Consider, for example, this InfoWorld-assigned tag: del.icio.us/infoworld/Athlon_64. If you look in that bucket you'll find two InfoWorld stories. In the corresponding global bucket -- del.icio.us/tag/athlon_64 -- you'll find the same two stories. Nobody else is using that tag. However, people are putting items into this global bucket: del.icio.us/tag/Athlon64.

This, to me, is the most fascinating aspect of del.icio.us. There are no right or wrong categorizations, there are only statistical clusters. The Athlon_64 cluster that InfoWorld's editors have created is useful, in the same way that the AJAX cluster is useful. It's a collaborative way to put related items into a bucket. Or, another way I like to think about this, it's a collaborative way to create a self-updating list. If I give you the del.icio.us/infoworld/athlon_64 link today, it's a list of two items. But if you resolve that link in July, it might be a list of four items. Recall also that every del.icio.us tag is an RSS feed. So you can subscribe to InfoWorld's Athlon_64 stories.

The Athlon_64 cluster is, however, not as useful as it might be. The Athlon64 cluster is bigger and more active. Nothing requires us to bow to the will of the group mind -- by changing Athlon_64 to Athlon64, or perhaps by using Athlon64 in addition to Athlon_64 -- but it would be in our interest to do so. If more people are congregating around Athlon64 than around Athlon_64, why wouldn't we want to be there too?

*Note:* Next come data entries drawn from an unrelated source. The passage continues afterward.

(* Let $k,l,r$ be integers with $k\ge 3$, $l\ge 2$, $r\ge 2$, and let $c>0$ be real. Then there exists $n_0=n_0(c,k,l,r)$ such that every linear $r$-uniform hypergraph $H$ on $n\ge n_0$ vertices with $$\rho(H)\ge \frac{n}{r-1}\left(1-\frac{1}{k-1}+c\right)$$ contains a copy of $K_k(l,\ldots,l)^{r}$.
   Context: An $r$-uniform hypergraph is linear if any two distinct edges share at most one vertex. $\rho(H)$ is the spectral radius of the adjacency tensor $\mathcal{A}(H)$, the order-$r$ dimension-$n$ tensor with entry $\frac{1}{(r-1)!}$ at $(i_1,\dots,i_r)$ if $\{v_{i_1},\dots,v_{i_r}\}\in E(H)$ and $0$ otherwise; eigenvalues $\lambda$ are defined by $\sum_{i_2,\dots,i_r}a_{ii_2\cdots i_r}x_{i_2}\cdots x_{i_r}=\lambda x_i^{r-1}$ for all $i$ with $x\neq 0$, and $\rho$ is the maximum modulus of eigenvalues. $K_k(l,\ldots,l)$ is the complete $k$-partite graph with all $k$ parts of size $l$. For a graph $F$, its $r$-expansion $F^r$ is obtained by adding to each edge $e$ a set $S_e$ of $r-2$ new vertices (pairwise disjoint and disjoint from $V(F)$), with edges $e\cup S_e$. "Contains" means as a not necessarily induced subhypergraph. *)

theory Defs
  imports Complex_Main
begin

definition uniform_hypergraph :: "nat \<Rightarrow> 'a set \<Rightarrow> 'a set set \<Rightarrow> bool" where
  "uniform_hypergraph r V E \<longleftrightarrow> finite V \<and> (\<forall>e\<in>E. e \<subseteq> V \<and> card e = r)"

definition linear_hypergraph :: "'a set set \<Rightarrow> bool" where
  "linear_hypergraph E \<longleftrightarrow> (\<forall>e\<in>E. \<forall>f\<in>E. e \<noteq> f \<longrightarrow> card (e \<inter> f) \<le> 1)"

text \<open>Entry of the adjacency tensor of an r-uniform hypergraph at index (i, i_2, ..., i_r),
  the tail (i_2,...,i_r) being given as a list.\<close>
definition adj_entry :: "nat \<Rightarrow> 'a set set \<Rightarrow> 'a \<Rightarrow> 'a list \<Rightarrow> real" where
  "adj_entry r E i ys = (if set (i # ys) \<in> E then 1 / fact (r - 1) else 0)"

definition tensor_eigenvalue :: "nat \<Rightarrow> 'a set \<Rightarrow> 'a set set \<Rightarrow> complex \<Rightarrow> bool" where
  "tensor_eigenvalue r V E lam \<longleftrightarrow>
     (\<exists>x :: 'a \<Rightarrow> complex. (\<exists>v\<in>V. x v \<noteq> 0) \<and>
        (\<forall>i\<in>V. (\<Sum>ys\<in>{ys. set ys \<subseteq> V \<and> length ys = r - 1}.
                   complex_of_real (adj_entry r E i ys) * prod_list (map x ys))
                 = lam * x i ^ (r - 1)))"

definition spectral_radius_hg :: "nat \<Rightarrow> 'a set \<Rightarrow> 'a set set \<Rightarrow> real" where
  "spectral_radius_hg r V E = Sup {cmod lam | lam. tensor_eigenvalue r V E lam}"

text \<open>Complete k-partite graph K_k(l,...,l): vertices (part, index).\<close>
definition Kkl_verts :: "nat \<Rightarrow> nat \<Rightarrow> (nat \<times> nat) set" where
  "Kkl_verts k l = {0..<k} \<times> {0..<l}"

definition Kkl_edges :: "nat \<Rightarrow> nat \<Rightarrow> (nat \<times> nat) set set" where
  "Kkl_edges k l = {{(i, a), (j, b)} | i a j b. i < k \<and> j < k \<and> a < l \<and> b < l \<and> i \<noteq> j}"

text \<open>r-expansion of a graph (W, F): each edge e gets r-2 new vertices Inr (e, j), j < r-2.\<close>
definition expansion_verts :: "nat \<Rightarrow> 'b set \<Rightarrow> 'b set set \<Rightarrow> ('b + 'b set \<times> nat) set" where
  "expansion_verts r W F = Inl ` W \<union> {Inr (e, j) | e j. e \<in> F \<and> j < r - 2}"

definition expansion_edges :: "nat \<Rightarrow> 'b set set \<Rightarrow> ('b + 'b set \<times> nat) set set" where
  "expansion_edges r F = {Inl ` e \<union> {Inr (e, j) | j. j < r - 2} | e. e \<in> F}"

definition contains_hg :: "'a set \<Rightarrow> 'a set set \<Rightarrow> 'c set \<Rightarrow> 'c set set \<Rightarrow> bool" where
  "contains_hg V E V' E' \<longleftrightarrow>
     (\<exists>f. inj_on f V' \<and> f ` V' \<subseteq> V \<and> (\<forall>e\<in>E'. f ` e \<in> E))"

end

theory Submission
  imports Defs "HOL-Analysis.Convex"
begin

(* An eigenvector x of the adjacency tensor for lambda gives the weighting w = |x|^(r-1) of the
   shadow graph with (r-1) |lambda| w_i <= sum of w_j over the shadow neighbours j of i: this is
   AM-GM applied to each term of the eigenvalue equation, with linearity bounding by (r-1)! the
   number of tails through a given neighbour. Maximising a penalised quadratic form in w extracts a
   vertex set with a spread probability distribution of weighted minimum degree above
   1 - 1/(k-1), and a weighted Erdos-Stone theorem (induction on the number of parts, double
   counting and pigeonhole on common neighbourhoods) then gives a complete k-partite subgraph of
   the shadow with huge parts. In it one picks greedily a transversal X that is loose: every edge
   meets X in at most two vertices and edges meeting X in two vertices are disjoint outside X.
   The edges through the pairs of X are then pairwise disjoint outside X and form the expansion. *)

definition shadow_nbrs :: "'a set set \<Rightarrow> 'a \<Rightarrow> 'a set" where
  "shadow_nbrs E i = {j. j \<noteq> i \<and> (\<exists>e\<in>E. i \<in> e \<and> j \<in> e)}"

definition edge_tails :: "'a set set \<Rightarrow> 'a \<Rightarrow> nat \<Rightarrow> 'a list set" where
  "edge_tails E i m = {ys. length ys = m \<and> set (i # ys) \<in> E}"

lemma shadow_nbrs_sym: "a \<in> shadow_nbrs E b \<longleftrightarrow> b \<in> shadow_nbrs E a"
  unfolding shadow_nbrs_def by blast

lemma shadow_nbrs_irrefl: "a \<notin> shadow_nbrs E a"
  unfolding shadow_nbrs_def by blast

lemma shadow_nbrs_subset:
  "uniform_hypergraph r V E \<Longrightarrow> shadow_nbrs E i \<subseteq> V"
  unfolding shadow_nbrs_def uniform_hypergraph_def by blast

lemma linear_hypergraph_edge_eq:
  assumes "linear_hypergraph E" "e \<in> E" "e' \<in> E" "finite e"
    and "a \<in> e" "b \<in> e" "a \<in> e'" "b \<in> e'" "a \<noteq> b"
  shows "e = e'"
proof (rule ccontr)
  assume "e \<noteq> e'"
  then have "card (e \<inter> e') \<le> 1"
    using assms(1-3) unfolding linear_hypergraph_def by blast
  moreover have "card {a, b} \<le> card (e \<inter> e')"
    using assms(4-8) by (intro card_mono) auto
  ultimately show False using \<open>a \<noteq> b\<close> by simp
qed

lemma edge_tails_distinct:
  assumes "uniform_hypergraph (Suc m) V E" "ys \<in> edge_tails E i m"
  shows "distinct (i # ys)"
  using assms unfolding uniform_hypergraph_def edge_tails_def
  by (intro card_distinct) auto

lemma finite_edge_tails:
  assumes "uniform_hypergraph r V E"
  shows "finite (edge_tails E i m)"
proof (rule finite_subset)
  show "edge_tails E i m \<subseteq> {ys. set ys \<subseteq> V \<and> length ys = m}"
    using assms unfolding uniform_hypergraph_def edge_tails_def by auto
  show "finite {ys. set ys \<subseteq> V \<and> length ys = m}"
    using assms unfolding uniform_hypergraph_def by (simp add: finite_lists_length_eq)
qed

text \<open>Linearity is used here: all tails through j lie in the unique edge containing i and j, and
  they are orderings of the m other vertices of that edge.\<close>
lemma card_edge_tails_containing_le:
  assumes U: "uniform_hypergraph (Suc m) V E" and Lin: "linear_hypergraph E"
  shows "card {ys \<in> edge_tails E i m. j \<in> set ys} \<le> fact m"
proof (cases "{ys \<in> edge_tails E i m. j \<in> set ys} = {}")
  case False
  then obtain ys0 where ys0: "ys0 \<in> edge_tails E i m" "j \<in> set ys0" by blast
  define e0 where "e0 = set (i # ys0)"
  have e0E: "e0 \<in> E" using ys0 unfolding edge_tails_def e0_def by simp
  have dist0: "distinct (i # ys0)" by (rule edge_tails_distinct[OF U ys0(1)])
  have ce: "card (e0 - {i}) = m"
    using dist0 ys0(1) unfolding e0_def edge_tails_def by (simp add: distinct_card)
  have fin0: "finite (e0 - {i})" unfolding e0_def by simp
  have sub: "{ys \<in> edge_tails E i m. j \<in> set ys}
      \<subseteq> {xs. length xs = m \<and> distinct xs \<and> set xs \<subseteq> e0 - {i}}"
  proof
    fix ys assume ys: "ys \<in> {ys \<in> edge_tails E i m. j \<in> set ys}"
    then have "set (i # ys) \<in> E" "distinct (i # ys)"
      using edge_tails_distinct[OF U] unfolding edge_tails_def by auto
    moreover have "set (i # ys) = e0"
      using linear_hypergraph_edge_eq[OF Lin \<open>set (i # ys) \<in> E\<close> e0E] ys ys0 dist0
      unfolding e0_def by auto
    ultimately show "ys \<in> {xs. length xs = m \<and> distinct xs \<and> set xs \<subseteq> e0 - {i}}"
      using ys unfolding edge_tails_def by auto
  qed
  have "card {xs. length xs = m \<and> distinct xs \<and> set xs \<subseteq> e0 - {i}} = fact m"
    using card_lists_distinct_length_eq[OF fin0, of m] ce by (simp add: fact_prod)
  moreover have "finite {xs. length xs = m \<and> distinct xs \<and> set xs \<subseteq> e0 - {i}}"
    using finite_lists_length_eq[OF fin0, of m] by (rule finite_subset[rotated]) auto
  ultimately show ?thesis using card_mono[OF _ sub] by simp
next
  case True
  show ?thesis unfolding True by simp
qed

lemma sum_edge_tails_le_shadow:
  fixes w :: "'a \<Rightarrow> real"
  assumes U: "uniform_hypergraph (Suc m) V E" and Lin: "linear_hypergraph E"
    and w: "\<And>j. 0 \<le> w j"
  shows "(\<Sum>ys\<in>edge_tails E i m. sum w (set ys)) \<le> fact m * sum w (shadow_nbrs E i)"
proof -
  define T where "T = edge_tails E i m"
  define Sh where "Sh = shadow_nbrs E i"
  have finT: "finite T" unfolding T_def by (rule finite_edge_tails[OF U])
  have finSh: "finite Sh"
    using shadow_nbrs_subset[OF U] U unfolding Sh_def uniform_hypergraph_def
    by (meson finite_subset)
  have "set ys \<subseteq> Sh" if "ys \<in> T" for ys
    using edge_tails_distinct[OF U that[unfolded T_def]] that
    unfolding T_def Sh_def edge_tails_def shadow_nbrs_def by auto
  then have "{j\<in>Sh. j \<in> set ys} = set ys" if "ys \<in> T" for ys
    using that by blast
  then have "(\<Sum>ys\<in>T. sum w (set ys)) = (\<Sum>ys\<in>T. \<Sum>j\<in>{j\<in>Sh. j \<in> set ys}. w j)"
    by simp
  also have "\<dots> = (\<Sum>j\<in>Sh. \<Sum>ys\<in>{ys\<in>T. j \<in> set ys}. w j)"
    by (rule sum.swap_restrict[OF finT finSh])
  also have "\<dots> = (\<Sum>j\<in>Sh. w j * card {ys\<in>T. j \<in> set ys})"
    by (simp add: mult.commute)
  also have "\<dots> \<le> (\<Sum>j\<in>Sh. w j * fact m)"
  proof (intro sum_mono mult_left_mono)
    show "real (card {ys\<in>T. j \<in> set ys}) \<le> fact m" for j
      using card_edge_tails_containing_le[OF U Lin, of i j] unfolding T_def
      by (metis of_nat_fact of_nat_le_iff)
  qed (use w in auto)
  finally show ?thesis
    unfolding T_def Sh_def by (simp add: sum_distrib_left mult.commute)
qed

lemma norm_prod_list_map:
  fixes x :: "'a \<Rightarrow> 'b::real_normed_div_algebra"
  shows "norm (prod_list (map x ys)) = prod_list (map (\<lambda>i. norm (x i)) ys)"
  by (induction ys) (auto simp: norm_mult)

lemma prod_le_mean_of_powers:
  fixes y :: "'a \<Rightarrow> real"
  assumes "finite S" "S \<noteq> {}" "\<And>i. i \<in> S \<Longrightarrow> 0 \<le> y i"
  shows "prod y S \<le> (\<Sum>i\<in>S. y i ^ card S) / card S"
proof -
  define n where "n = card S"
  have n: "n > 0" using assms unfolding n_def by (simp add: card_gt_0_iff)
  have "((prod y S) ^ n) powr (1 / n) \<le> (\<Sum>i\<in>S. y i ^ n / n)"
    using arith_geom_mean[of S "\<lambda>i. y i ^ n"] assms
    by (simp add: n_def prod_power_distrib)
  moreover have "((prod y S) ^ n) powr (1 / n) = prod y S"
  proof -
    have "prod y S \<ge> 0" using assms(3) by (simp add: prod_nonneg)
    then show ?thesis
      using n by (simp add: real_root_power_cancel flip: root_powr_inverse)
  qed
  ultimately show ?thesis unfolding n_def by (simp add: sum_divide_distrib)
qed

lemma edge_tails_eq:
  assumes "uniform_hypergraph r V E"
  shows "{ys. set ys \<subseteq> V \<and> length ys = m \<and> set (i # ys) \<in> E} = edge_tails E i m"
  using assms unfolding uniform_hypergraph_def edge_tails_def by auto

In general, I'm getting the impression that InfoWorld's use of underscores in tags isn't common. Since it's easy to add or rename tags, and since there's no penalty for maintaining variants, it might be useful to take a pass through InfoWorld's items and add variants that don't use underscores.

It would be interesting to do a full analysis of the intersection between the global tagspace and InfoWorld's tagspace, across the set of InfoWorld-tagged items. The ability to visualize and tune these kinds of intersecting vocabularies is clearly one of the next frontiers for social tagging.